I am a finance major and although things are interesting, I don't see a career I can handle. All the internships I've applied to seem to require that I be "outgoing." Needless to say, the interviews didn't go well either, but I probably wouldn't have excelled in any of those positions anyway. Today, my professor kind of hinted that I wasn't suited for business... =T I'm in my fifth year of college and really don't want to change majors again.


----------



## sushiwithfish (Mar 10, 2007)

don't change major, if you decided on a major stick with it and since you're already in your 5th year, graduating soon, right?? 

well, something i could think of is maybe find a partner to open a business with. open a cafe shop or something like that, those always make money. you can do the book keeping and your partner can do other stuff that require being outgoing. 

by the way how you got through those business courses? those classes make you do a lot of presentations and group work. that's why i avoid taking anything business related unless it's about computers.


----------



## onlylordknows (Apr 27, 2004)

what did the professor say? what type of internship positions are you seeking? This matters quite a lot
just because you are introverted and not outgoing, he thinks you aren't suited for business? I find that ludicrous. Unless you are applying for a sales/financial advising type position, you can be successful in business. A lot of phD physics and math graduates who are introverted get taken up by big investment banks on wall street. If you have good quantitative/technical skills, you can gain respectable positions in the field of business.


----------



## UltraShy (Nov 8, 2003)

I graduated with a finance degree in May 1995. Haven't worked since.

My education, knowledge, and interests would make me ideally suited to be a financial advisor. Only one problem: that requires dealing with people.


----------



## chrisman19 (Nov 27, 2003)

THere's no one who knows what you mean more than me. I graduated with a FInance degree last December '06. I got a finance internship while I was in school, but I haven't found a job yet since I graduated.

You're absolutely right-every Finance/Business job wants someone who is outgoing, self-confident, loves a challenge, works well under pressure (come on, who does?), able to learn quickly, etc. 

If you decide to continue with Finance, you'll find job options that fall into two categories (I classify them this way, anyway).
Option 1: Sales
There are tons of openings for Financial advisers or insurance salesmen all over the place. In these jobs (in case you don't already know) you're put through a short training period on a salary (maybe 5 months) and then after that, you're on your own (now it's up to you to make your own money, most of which your employer will take from you)...you've got to get on the phone and cold call people, give presentations, and anything you can do to get business to generate commissions or live off fees once they take away your salary. Statistically, 60% of people who try this type of job fail (are fired) because they can't get enough business for their company. THat's why there are so many openings-there's such high turnover.
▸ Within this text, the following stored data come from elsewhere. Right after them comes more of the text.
lemma iface_of_struct_val_rel:
  assumes "wf_decls D" and "decls_rel D \<sigma> k" and "K \<le> k"
    and "DIface j Ss \<in> set D" and "set Ss \<subseteq> methods D (TS u)"
    and "V0 = TAp (TC (KS u)) W" and "\<forall>k' < K. val_rel D \<sigma> k' (TS u) v V0"
  shows "val_rel D \<sigma> K (TI j) v (iface_of_struct j u V0 Ss)"
proof -
  define R where "R = (\<lambda>j. if j < K then val_rel D \<sigma> j else (\<lambda>_ _ _. False))"
  have meth: "meth_rel_with D \<sigma> R k' S (methodLookup D (fst S) u) (TV (MV (fst S) u))"
    if "k' < K" and "S \<in> set Ss" for k' S
  proof -
    obtain m M where S: "S = (m, M)" by fastforce
    from that(2) assms(5) S obtain x e where d: "DMeth x u m M e \<in> set D" by auto
    with assms(2) have "meth_rel_with D \<sigma> (val_rel D \<sigma>) k (m, M) (DMeth x u m M e) (TV (MV m u))"
      by (simp add: decls_rel_def meth_rel_def)
    then have "meth_rel_with D \<sigma> R k' (m, M) (DMeth x u m M e) (TV (MV m u))"
      by (rule meth_rel_with_mono_cong) (use that(1) assms(3) in \<open>auto simp: R_def\<close>)
    then show ?thesis by (simp add: S methodLookup_eq[OF assms(1) d])
  qed
  have "val_lvl D \<sigma> R K (TI j) v (iface_of_struct j u V0 Ss)"
    unfolding iface_of_struct_def
  proof (rule val_lvl.Iface[OF assms(6) _ assms(4)])
    show "\<forall>k' < K. \<forall>q < length Ss. meth_rel_with D \<sigma> R k' (Ss ! q) (methodLookup D (fst (Ss ! q)) u)
            (map (\<lambda>(m, _). TV (MV m u)) Ss ! q)"
      using meth nth_mem by (auto simp: split_beta)
  qed (use assms(7) in \<open>auto simp: R_def\<close>)
  then show ?thesis
    by (subst val_rel.simps) (simp add: R_def)
qed

lemma destr_val_rel:
  assumes "wf_decls D" and "decls_rel D \<sigma> k" and "destr D t u E1"
    and "K < j" and "j \<le> k" and "val_rel D \<sigma> j t v E2"
    and run: "(tstep \<sigma>)\<^sup>*\<^sup>* (TAp E1 E2) V" and "tval V"
  shows "val_rel D \<sigma> K u v V"
  using assms(3)
proof cases
  case (to_struct i Rs s)
  have "local_closed_clauses [(KS s, [vYp], TAp (TC (KS s)) (TV vYp))]"
    by (simp add: local_closed_clauses_def)
  from iface_unpack_run[OF run[unfolded to_struct(3)] \<open>tval V\<close> this] obtain V0 Vs where
    E2: "E2 = TAp (TC (KI i)) (ttuple (V0 # Vs))" and "tval V0"
    and dispatch: "(tstep \<sigma>)\<^sup>*\<^sup>* (TCase V0 [(KS s, [vYp], TAp (TC (KS s)) (TV vYp))]) V"
    by blast
  from val_rel_TI_elim assms(6) to_struct(1) E2 obtain u' W where
    V0: "V0 = TAp (TC (KS u')) W" and rel: "\<forall>k' < j. val_rel D \<sigma> k' (TS u') v V0"
    by fastforce
  from struct_dispatch_run[OF dispatch[unfolded V0] \<open>tval V\<close> \<open>tval V0\<close>[unfolded V0]]
  have "s = u'" and "V = V0" by (simp_all add: V0)
  with rel \<open>K < j\<close> to_struct(2) show ?thesis by simp
next
  case (to_iface i Rs sEs j')
  from iface_unpack_run[OF run[unfolded to_iface(3)] \<open>tval V\<close>
      iface_dispatch_local_closed[OF to_iface(6)]]
  obtain V0 Vs where E2: "E2 = TAp (TC (KI i)) (ttuple (V0 # Vs))" and "tval V0"
    and dispatch: "(tstep \<sigma>)\<^sup>*\<^sup>*
      (TCase V0 (map (\<lambda>(s, E). (KS s, [vYp], TAp E (TAp (TC (KS s)) (TV vYp)))) sEs)) V"
    by blast
  from val_rel_TI_elim assms(6) to_iface(1) E2 obtain u' W where
    V0: "V0 = TAp (TC (KS u')) W" and rel: "\<forall>k' < j. val_rel D \<sigma> k' (TS u') v V0"
    by fastforce
  from iface_dispatch_run[OF dispatch \<open>tval V\<close> \<open>tval V0\<close> V0 to_iface(6)] obtain Ss where
    "DIface j' Ss \<in> set D" and "set Ss \<subseteq> methods D (TS u')" and "V = iface_of_struct j' u' V0 Ss"
    by blast
  with iface_of_struct_val_rel[OF assms(1,2), of K] V0 rel assms(4,5) to_iface(2) show ?thesis
    by simp
qed

theorem lemma3:
  fixes D :: decls and \<sigma> :: "tvar \<rightharpoonup> tl" and t u :: ty and e :: fexp
    and E1 E2 :: tl and k :: nat
  assumes "wf_decls D"
    and "method_subst \<sigma>"
    and "destr D t u E1"
    and "decls_rel D \<sigma> k"
    and "exp_rel D \<sigma> k t e E2"
  shows "exp_rel D \<sigma> k u (FAssert e u) (TAp E1 E2)"
  unfolding exp_rel_def exp_rel_with_def
proof (intro allI impI)
  fix k1 k2 v V
  assume "k1 < k" and "k2 < k" and "0 < k - k1 - k2"
    and "fsteps_le D k1 (FAssert e u) v" and "tsteps_le \<sigma> k2 (TAp E1 E2) V"
  then obtain n1 where "n1 \<le> k1" and "(fstep D ^^ n1) (FAssert e u) v" and "fval v"
    and run: "(tstep \<sigma>)\<^sup>*\<^sup>* (TAp E1 E2) V" and "tval V"
    by (auto simp: fsteps_le_def tsteps_le_def dest: relpowp_imp_rtranclp)
  then obtain n where "n < n1" and "(fstep D ^^ n) e v"
    using fsteps_FAssert_operand by blast
  from destr_TLam[OF assms(3)] run \<open>tval V\<close> have "tval E2"
    using beta_run by blast
  with exp_rel_val_rel[OF assms(5)] \<open>n < n1\<close> \<open>n1 \<le> k1\<close> \<open>k1 < k\<close> \<open>(fstep D ^^ n) e v\<close> \<open>fval v\<close>
  have "val_rel D \<sigma> (k - n) t v E2" by simp
  from destr_val_rel[OF assms(1,4,3) _ _ this run \<open>tval V\<close>] \<open>0 < k - k1 - k2\<close> \<open>n < n1\<close> \<open>n1 \<le> k1\<close>
  show "val_rel D \<sigma> (k - k1 - k2) u v V" by simp
qed

end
Option 2: Work your *** off 50+ hrs/wk type jobs
Investment banking, corporate finance, insurance, commercial banking.
Some of these jobs will require moving to a big city, and you've got to start low and work your way up over the years. I've heard it's hard work, but probably a better option than sales for someone with SA.

I was in the same situation as you when I was studying Finance-I debated whether or not to do it too-but I decided to stick with it because I was already deep into it anyway..I'm not the business type of personality either-most of the time while I was interning in college I didn't talk to anyone and people wondered why I was so quiet.

One option I've been considering is going to grad school and studying Economics (for this you'll need intermediate macro and micro, plus a little Calculus, but some schools will require more math than this). My plan may be to be a Professor in a community college someday. I think being a Professor would be much more enjoyable and relaxing, and more rewarding. Plus you won't have a boss breathing down your neck every 10 minutes telling you to get something done faster...you're free to teach in your own way instead of doing everything your boss's way...and you teach only a few classes a week so you don't put in as many hours of work...the only drawback is the money-it doesn't pay as much as a job working in private industry, but I'd rather do a job I enjoy that pays less than do something that I don't like that pays more.

Just wanted to let you know that I can relate.


----------



## toxqan (Jan 12, 2013)

I studied economics at both undergraduate and graduate level and my most recent job was in finance so I almost fit the bill. I don't think there are any shortage of jobs for finance majors and If you enjoy the courses you should probably stick with it. I do think the previous poster is right about the dichotomy between sales and more analytical and technical jobs. Social anxiety has pushed me toward the latter... but I think that is more interesting any way. I've long been suspicious toward sales types anyway.


----------